### WHAT IS REQUIRED
Lines in the listing below that contain the string "relators" are to be found and copied.

::::

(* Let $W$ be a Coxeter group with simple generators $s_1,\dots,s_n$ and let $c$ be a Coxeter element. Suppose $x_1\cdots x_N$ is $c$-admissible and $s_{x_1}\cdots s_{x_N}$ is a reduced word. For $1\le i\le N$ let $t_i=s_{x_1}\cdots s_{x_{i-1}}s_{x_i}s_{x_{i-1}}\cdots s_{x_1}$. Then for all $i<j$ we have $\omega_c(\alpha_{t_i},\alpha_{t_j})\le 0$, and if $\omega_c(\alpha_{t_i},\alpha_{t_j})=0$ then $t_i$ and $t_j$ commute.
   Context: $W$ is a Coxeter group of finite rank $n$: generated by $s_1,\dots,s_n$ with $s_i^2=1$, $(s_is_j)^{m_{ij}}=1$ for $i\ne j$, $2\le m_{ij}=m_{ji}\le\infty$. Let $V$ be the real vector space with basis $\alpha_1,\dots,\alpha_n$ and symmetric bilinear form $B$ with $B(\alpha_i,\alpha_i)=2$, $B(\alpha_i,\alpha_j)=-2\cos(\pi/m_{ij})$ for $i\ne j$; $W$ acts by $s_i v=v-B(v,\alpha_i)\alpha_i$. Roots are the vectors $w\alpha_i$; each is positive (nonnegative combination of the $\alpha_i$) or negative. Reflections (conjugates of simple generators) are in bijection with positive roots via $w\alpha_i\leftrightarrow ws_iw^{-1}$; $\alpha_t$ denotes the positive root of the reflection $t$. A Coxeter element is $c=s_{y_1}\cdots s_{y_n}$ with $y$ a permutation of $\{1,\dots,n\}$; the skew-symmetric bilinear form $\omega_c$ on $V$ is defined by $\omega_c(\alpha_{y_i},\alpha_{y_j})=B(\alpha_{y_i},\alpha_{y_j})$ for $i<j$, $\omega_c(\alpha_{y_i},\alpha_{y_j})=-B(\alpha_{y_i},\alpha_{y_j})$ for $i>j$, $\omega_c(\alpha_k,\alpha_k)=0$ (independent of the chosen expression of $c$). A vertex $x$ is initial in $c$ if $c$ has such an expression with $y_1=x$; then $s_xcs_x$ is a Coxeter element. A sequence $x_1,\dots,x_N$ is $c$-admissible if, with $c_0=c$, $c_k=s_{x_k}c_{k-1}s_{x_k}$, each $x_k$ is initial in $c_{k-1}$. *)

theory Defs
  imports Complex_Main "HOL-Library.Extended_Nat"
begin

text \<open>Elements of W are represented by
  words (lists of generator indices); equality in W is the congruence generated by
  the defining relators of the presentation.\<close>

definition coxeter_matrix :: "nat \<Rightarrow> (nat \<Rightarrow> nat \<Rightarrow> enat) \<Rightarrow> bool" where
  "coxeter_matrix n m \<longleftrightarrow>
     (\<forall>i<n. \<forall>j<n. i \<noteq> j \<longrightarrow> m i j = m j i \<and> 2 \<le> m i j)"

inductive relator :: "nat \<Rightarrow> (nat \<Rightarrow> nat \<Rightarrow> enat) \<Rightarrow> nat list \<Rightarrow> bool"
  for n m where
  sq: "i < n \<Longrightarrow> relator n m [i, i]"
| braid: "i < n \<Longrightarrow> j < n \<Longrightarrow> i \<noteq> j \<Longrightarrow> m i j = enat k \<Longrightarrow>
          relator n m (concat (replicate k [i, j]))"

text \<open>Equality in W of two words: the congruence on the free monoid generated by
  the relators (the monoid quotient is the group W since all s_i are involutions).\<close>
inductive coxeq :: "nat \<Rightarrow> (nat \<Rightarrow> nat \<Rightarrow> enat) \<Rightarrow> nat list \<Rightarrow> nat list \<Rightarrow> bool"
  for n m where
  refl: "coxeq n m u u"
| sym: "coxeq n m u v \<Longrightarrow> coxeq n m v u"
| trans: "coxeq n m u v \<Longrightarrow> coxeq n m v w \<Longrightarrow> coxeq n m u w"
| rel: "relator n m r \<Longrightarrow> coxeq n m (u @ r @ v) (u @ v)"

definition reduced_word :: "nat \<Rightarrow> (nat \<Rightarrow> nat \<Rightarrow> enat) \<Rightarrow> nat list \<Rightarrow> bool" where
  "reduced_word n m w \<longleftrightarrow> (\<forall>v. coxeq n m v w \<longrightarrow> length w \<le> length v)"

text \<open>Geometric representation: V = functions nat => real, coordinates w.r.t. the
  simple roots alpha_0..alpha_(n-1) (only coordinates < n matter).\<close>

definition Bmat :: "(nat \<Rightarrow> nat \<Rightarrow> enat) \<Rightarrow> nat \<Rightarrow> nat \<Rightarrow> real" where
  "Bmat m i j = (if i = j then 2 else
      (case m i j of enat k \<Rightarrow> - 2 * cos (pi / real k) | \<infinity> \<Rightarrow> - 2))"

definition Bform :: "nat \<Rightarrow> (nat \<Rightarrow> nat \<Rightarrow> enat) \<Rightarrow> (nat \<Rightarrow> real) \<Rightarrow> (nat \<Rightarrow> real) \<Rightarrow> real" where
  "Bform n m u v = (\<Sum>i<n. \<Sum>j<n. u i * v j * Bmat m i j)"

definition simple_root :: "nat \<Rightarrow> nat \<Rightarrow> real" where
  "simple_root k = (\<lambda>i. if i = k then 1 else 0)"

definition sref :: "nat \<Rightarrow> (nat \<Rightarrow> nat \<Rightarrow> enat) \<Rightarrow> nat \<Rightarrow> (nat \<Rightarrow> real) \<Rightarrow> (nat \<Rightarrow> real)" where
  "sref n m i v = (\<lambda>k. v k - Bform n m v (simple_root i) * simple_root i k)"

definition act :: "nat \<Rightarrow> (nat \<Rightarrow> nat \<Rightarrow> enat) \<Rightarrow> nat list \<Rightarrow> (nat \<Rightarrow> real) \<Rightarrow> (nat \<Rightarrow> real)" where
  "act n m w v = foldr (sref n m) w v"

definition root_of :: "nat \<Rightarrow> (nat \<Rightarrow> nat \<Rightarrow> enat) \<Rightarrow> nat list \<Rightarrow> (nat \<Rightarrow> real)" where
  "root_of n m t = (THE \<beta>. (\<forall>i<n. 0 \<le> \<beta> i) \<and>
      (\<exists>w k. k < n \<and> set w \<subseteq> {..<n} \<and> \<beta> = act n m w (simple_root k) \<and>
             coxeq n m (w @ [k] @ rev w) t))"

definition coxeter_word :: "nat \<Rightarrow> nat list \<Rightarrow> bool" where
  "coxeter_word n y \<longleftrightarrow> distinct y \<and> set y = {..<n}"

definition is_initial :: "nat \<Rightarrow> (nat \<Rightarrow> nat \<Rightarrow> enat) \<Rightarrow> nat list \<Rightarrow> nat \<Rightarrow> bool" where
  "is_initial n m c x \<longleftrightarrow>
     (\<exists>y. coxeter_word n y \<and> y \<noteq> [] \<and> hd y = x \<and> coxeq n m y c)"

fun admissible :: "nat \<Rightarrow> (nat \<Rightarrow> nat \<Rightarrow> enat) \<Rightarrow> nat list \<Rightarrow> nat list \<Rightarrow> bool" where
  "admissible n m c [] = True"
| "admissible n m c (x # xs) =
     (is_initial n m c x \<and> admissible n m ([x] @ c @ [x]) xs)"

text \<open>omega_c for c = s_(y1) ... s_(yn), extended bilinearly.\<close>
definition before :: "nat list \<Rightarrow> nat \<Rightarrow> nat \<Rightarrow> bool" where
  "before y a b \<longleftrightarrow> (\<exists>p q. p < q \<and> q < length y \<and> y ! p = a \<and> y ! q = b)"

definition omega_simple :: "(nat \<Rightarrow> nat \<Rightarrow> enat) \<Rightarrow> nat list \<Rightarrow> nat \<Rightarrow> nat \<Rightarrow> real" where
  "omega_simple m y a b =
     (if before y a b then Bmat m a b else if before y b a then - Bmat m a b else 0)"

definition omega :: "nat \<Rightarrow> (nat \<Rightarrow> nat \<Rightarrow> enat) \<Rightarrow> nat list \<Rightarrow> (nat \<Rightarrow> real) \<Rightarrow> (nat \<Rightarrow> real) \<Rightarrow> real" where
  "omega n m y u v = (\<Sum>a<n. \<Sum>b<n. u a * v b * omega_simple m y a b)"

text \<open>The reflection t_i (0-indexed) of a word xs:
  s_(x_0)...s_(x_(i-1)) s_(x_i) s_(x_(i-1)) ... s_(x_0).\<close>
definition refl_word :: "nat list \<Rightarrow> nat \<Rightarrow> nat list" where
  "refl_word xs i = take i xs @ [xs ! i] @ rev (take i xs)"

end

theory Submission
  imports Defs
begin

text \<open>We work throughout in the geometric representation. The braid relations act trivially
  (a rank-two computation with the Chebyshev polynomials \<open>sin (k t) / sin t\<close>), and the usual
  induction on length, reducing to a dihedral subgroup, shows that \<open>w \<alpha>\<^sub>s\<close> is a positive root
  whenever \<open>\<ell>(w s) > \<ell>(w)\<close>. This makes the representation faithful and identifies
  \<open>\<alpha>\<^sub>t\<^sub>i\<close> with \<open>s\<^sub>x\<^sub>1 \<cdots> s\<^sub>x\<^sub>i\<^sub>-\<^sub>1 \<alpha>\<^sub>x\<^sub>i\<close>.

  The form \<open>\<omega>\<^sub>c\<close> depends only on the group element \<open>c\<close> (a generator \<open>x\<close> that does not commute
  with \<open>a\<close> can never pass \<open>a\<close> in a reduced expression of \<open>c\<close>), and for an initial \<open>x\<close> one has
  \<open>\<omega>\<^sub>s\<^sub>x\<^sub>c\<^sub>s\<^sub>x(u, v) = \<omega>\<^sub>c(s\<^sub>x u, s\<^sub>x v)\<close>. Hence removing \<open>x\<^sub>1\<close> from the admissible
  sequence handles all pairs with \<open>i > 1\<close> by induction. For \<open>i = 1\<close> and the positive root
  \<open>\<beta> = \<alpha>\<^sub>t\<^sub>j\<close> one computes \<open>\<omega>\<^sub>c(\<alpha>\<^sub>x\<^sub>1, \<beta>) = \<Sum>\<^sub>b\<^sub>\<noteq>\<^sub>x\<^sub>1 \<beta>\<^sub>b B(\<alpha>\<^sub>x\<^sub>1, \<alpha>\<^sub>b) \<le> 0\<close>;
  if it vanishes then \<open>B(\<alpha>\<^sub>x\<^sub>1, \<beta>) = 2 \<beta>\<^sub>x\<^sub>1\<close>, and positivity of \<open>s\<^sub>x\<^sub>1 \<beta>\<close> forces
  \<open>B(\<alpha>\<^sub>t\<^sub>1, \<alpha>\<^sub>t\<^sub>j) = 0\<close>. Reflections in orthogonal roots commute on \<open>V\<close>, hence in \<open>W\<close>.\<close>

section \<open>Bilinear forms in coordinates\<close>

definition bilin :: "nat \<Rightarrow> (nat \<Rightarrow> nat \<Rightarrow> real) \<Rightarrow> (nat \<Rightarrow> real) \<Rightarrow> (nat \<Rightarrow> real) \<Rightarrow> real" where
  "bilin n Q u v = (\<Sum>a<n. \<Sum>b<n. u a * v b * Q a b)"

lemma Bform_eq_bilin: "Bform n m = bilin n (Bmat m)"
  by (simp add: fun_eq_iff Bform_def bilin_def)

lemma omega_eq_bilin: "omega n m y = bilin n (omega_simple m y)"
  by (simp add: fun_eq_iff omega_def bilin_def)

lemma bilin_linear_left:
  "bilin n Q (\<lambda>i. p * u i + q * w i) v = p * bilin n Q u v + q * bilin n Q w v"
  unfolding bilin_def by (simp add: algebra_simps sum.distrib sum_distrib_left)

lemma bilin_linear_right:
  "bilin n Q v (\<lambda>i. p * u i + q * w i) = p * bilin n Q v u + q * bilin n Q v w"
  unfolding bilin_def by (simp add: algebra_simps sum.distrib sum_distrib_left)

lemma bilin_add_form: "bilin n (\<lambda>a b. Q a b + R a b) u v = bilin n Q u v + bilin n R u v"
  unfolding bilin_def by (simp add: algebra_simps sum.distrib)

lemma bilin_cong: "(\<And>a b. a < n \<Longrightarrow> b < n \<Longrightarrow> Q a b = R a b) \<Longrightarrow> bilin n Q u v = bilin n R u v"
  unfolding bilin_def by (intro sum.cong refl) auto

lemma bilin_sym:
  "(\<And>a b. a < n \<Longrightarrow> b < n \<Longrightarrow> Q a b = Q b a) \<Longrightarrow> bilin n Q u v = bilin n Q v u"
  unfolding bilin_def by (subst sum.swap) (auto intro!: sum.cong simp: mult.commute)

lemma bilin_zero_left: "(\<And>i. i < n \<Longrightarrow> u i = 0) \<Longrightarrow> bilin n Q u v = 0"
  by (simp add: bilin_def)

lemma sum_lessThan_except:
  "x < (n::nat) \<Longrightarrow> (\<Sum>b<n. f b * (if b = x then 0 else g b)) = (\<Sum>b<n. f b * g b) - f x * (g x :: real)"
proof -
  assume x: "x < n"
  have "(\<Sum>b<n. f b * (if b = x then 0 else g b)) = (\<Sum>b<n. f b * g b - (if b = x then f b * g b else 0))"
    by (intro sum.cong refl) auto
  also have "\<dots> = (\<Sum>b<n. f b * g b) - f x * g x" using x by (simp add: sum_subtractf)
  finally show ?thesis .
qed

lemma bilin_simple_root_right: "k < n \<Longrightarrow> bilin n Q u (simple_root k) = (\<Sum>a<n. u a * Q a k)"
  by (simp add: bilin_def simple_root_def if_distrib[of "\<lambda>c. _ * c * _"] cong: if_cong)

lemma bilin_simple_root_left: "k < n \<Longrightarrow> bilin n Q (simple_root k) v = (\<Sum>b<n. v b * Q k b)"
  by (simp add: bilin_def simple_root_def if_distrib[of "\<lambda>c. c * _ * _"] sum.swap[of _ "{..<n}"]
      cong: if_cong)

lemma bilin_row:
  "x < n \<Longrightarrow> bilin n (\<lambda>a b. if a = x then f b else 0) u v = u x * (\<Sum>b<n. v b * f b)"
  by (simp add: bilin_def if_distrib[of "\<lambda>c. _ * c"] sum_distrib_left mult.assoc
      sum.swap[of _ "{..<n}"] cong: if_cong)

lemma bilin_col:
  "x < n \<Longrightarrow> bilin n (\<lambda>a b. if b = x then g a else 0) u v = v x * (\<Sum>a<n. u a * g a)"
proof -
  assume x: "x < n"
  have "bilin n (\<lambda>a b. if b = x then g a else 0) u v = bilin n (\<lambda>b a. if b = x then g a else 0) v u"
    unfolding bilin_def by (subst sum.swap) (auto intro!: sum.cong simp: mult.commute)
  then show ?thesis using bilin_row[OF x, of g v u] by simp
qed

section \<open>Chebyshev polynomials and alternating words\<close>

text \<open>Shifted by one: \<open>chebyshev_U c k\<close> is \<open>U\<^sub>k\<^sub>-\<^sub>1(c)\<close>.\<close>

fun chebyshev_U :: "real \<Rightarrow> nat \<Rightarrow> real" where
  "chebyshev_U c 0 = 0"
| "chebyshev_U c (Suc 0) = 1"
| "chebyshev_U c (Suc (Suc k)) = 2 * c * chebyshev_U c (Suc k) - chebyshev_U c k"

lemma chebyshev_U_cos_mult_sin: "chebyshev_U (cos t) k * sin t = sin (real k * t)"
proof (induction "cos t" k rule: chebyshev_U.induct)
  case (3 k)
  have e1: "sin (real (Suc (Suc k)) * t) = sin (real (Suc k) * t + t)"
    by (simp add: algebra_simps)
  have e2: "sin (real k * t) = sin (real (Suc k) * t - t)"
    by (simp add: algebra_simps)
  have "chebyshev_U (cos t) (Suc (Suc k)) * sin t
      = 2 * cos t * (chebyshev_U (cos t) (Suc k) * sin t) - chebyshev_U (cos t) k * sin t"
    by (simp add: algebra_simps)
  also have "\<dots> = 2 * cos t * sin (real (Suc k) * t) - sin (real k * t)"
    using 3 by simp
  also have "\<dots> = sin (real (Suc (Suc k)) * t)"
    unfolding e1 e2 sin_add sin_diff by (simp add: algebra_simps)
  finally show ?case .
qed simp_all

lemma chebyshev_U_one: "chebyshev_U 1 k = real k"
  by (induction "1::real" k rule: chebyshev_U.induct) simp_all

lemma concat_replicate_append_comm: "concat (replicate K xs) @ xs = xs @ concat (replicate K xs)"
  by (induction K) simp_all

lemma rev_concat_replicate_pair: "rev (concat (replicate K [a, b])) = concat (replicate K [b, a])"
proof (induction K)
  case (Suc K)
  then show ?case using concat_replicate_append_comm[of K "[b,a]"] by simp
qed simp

::::

### THE COMPLETED TASK
  the defining relators of the presentation.\<close>
  the relators (the monoid quotient is the group W since all s_i are involutions).\<close>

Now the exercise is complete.